I'm trying to place my game camera so that the resulting view for the player will encompass a selection of points in world space. I have calculated the central averaged position of the points, worked out the unit vector in which I want the camera to travel away from the central point, but I can't seem to quite get my head around the required distance to move the camera.

I can't figure out how to take the FOV of the camera, the list of points, and the facing angle/projection matrix of the camera to determine how far back I need to pull the camera. I'm currently thinking that I might be able to reverse the 'is point on screen' equation using the cameras projection matrix, then get a required distance for each point and use the biggest distance. I'm just not sure how to reverse that equation - or if I'm even on the right track here.

Can someone point me in the right direction please?

I would do it the following way (using OpenGL matrix):

Place the camera at the median point of your point cloud.
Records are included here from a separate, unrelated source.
lemma exp_grad_est_parallel:
  fixes M :: "'a::euclidean_space \<Rightarrow> real"
  assumes M: "\<And>x. M x = a \<bullet> x + b"
  shows "exp_grad_est M z \<delta> R = ((a \<bullet> exp_grad_est M z \<delta> R) / (a \<bullet> a)) *\<^sub>R a"
proof (rule line_reflection_fixpoint)
  let ?F = "\<lambda>u. Phi M (z + (\<delta> * R) *\<^sub>R u) *\<^sub>R u"
  note [measurable] = borel_measurable_affine[OF M]
  have [measurable]: "?F \<in> borel_measurable borel"
    by measurable
  have "?F (line_reflection a u) = line_reflection a (?F u)" for u
    by (simp add: M Phi_def inner_add_right
        orthogonal_transformation_scaleR[OF orthogonal_transformation_line_reflection])
  then show "line_reflection a (exp_grad_est M z \<delta> R) = exp_grad_est M z \<delta> R"
    unfolding exp_grad_est_def
    by (intro integral_unif_sphere_equivariant orthogonal_transformation_line_reflection) simp_all
qed

lemma inner_exp_grad_est_pos:
  fixes M :: "'a::euclidean_space \<Rightarrow> real"
  assumes M: "\<And>x. M x = a \<bullet> x + b"
    and Mz: "0 < M z" "M z < \<delta> * R * norm a"
  shows "0 < a \<bullet> exp_grad_est M z \<delta> R"
proof -
  define s where "s = \<delta> * R"
  define S where "S = {u. a \<bullet> u < - M z / s}"
  have Mz_lt: "M z < s * norm a"
    using Mz by (simp add: s_def)
  then have "0 < s * norm a"
    using Mz by linarith
  then have s: "0 < s" and a: "0 < norm a"
    by (simp_all add: zero_less_mult_iff)
  have "- a /\<^sub>R norm a \<in> S"
  proof -
    have "a \<bullet> (- a /\<^sub>R norm a) = - norm a"
      using a by (simp add: dot_square_norm power2_eq_square)
    also have "\<dots> < - M z / s"
      using Mz_lt s by (simp add: pos_divide_less_eq mult.commute)
    finally show ?thesis
      by (simp add: S_def)
  qed
  moreover have "open S"
    unfolding S_def by (intro open_Collect_less continuous_intros)
  moreover have "integrable unif_sphere (\<lambda>u. Phi M (z + s *\<^sub>R u) * (a \<bullet> u))"
    using integrable_inner_right[OF integrable_unif_sphere_Phi_scaleR[OF borel_measurable_affine[OF M]]]
    by simp
  ultimately have "0 < (\<integral>u. Phi M (z + s *\<^sub>R u) * (a \<bullet> u) \<partial>unif_sphere)"
    using a Phi_affine_mult_inner[OF M Mz(1) s]
    by (intro integral_unif_sphere_pos[where S = S and u = "- a /\<^sub>R norm a"]) (auto simp: S_def)
  then show ?thesis
    by (simp add: inner_exp_grad_est[OF borel_measurable_affine[OF M]] s_def)
qed

lemma cos_angle_scaleR_self:
  fixes a :: "'a::real_inner"
  assumes "0 < c" "a \<noteq> 0"
  shows "cos_angle (c *\<^sub>R a) a = 1"
  using assms by (simp add: cos_angle_def dot_square_norm power2_eq_square)

lemma cos_angle_exp_grad_est:
  fixes M :: "'a::euclidean_space \<Rightarrow> real"
  assumes M: "\<And>x. M x = a \<bullet> x + b"
    and Mz: "0 < M z" "M z < \<delta> * R * norm a"
  shows "cos_angle (exp_grad_est M z \<delta> R) a = 1"
proof -
  have pos: "0 < a \<bullet> exp_grad_est M z \<delta> R"
    using inner_exp_grad_est_pos[OF M Mz] .
  then have a: "a \<noteq> 0"
    by auto
  then have "0 < (a \<bullet> exp_grad_est M z \<delta> R) / (a \<bullet> a)"
    using pos by simp
  then show ?thesis
    by (subst exp_grad_est_parallel[OF M]) (rule cos_angle_scaleR_self[OF _ a])
qed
Transform all points to camera (view, eye) space.
Now translating camera along it's local Z is equivalent to translating all points along global Z in camera space. I.e. you have to find for each point, which is the smallest translation along z that moves it inside view frustum.

Let your point (in camera coordinate system) be P(x,y,z)

In clip coordinate system:
Qx = 2Px/(R-L) - Pz(R+L)/(R-L)
Qy = 2Py/(T-B) - Pz(T+B)/(T-B)
Qz = -(F+N)/(F-N) - 2FN/(F-N)
Qw = -Pz

And after perspective division
Sx = Qx/Qw
Sy = Qy/Qw
Sz = Qz/Qw

You want to ensure that:
-1 <= Sx <= 1
-1 <= Sy <= 1
-1 <= Sz (you do not want to check far plane here, because otherwise your inequalities may become unsolvable)

Now for each point and for each coordinate x, y and z find maximum z value Pz' that fills the conditions of these inequalities.
Required distance to move camera d = Pz - Pz'
While iterating over all points and all coordinates find the maximum d.

Excellent, thanks Lauris. I appreciate the detailed explanation.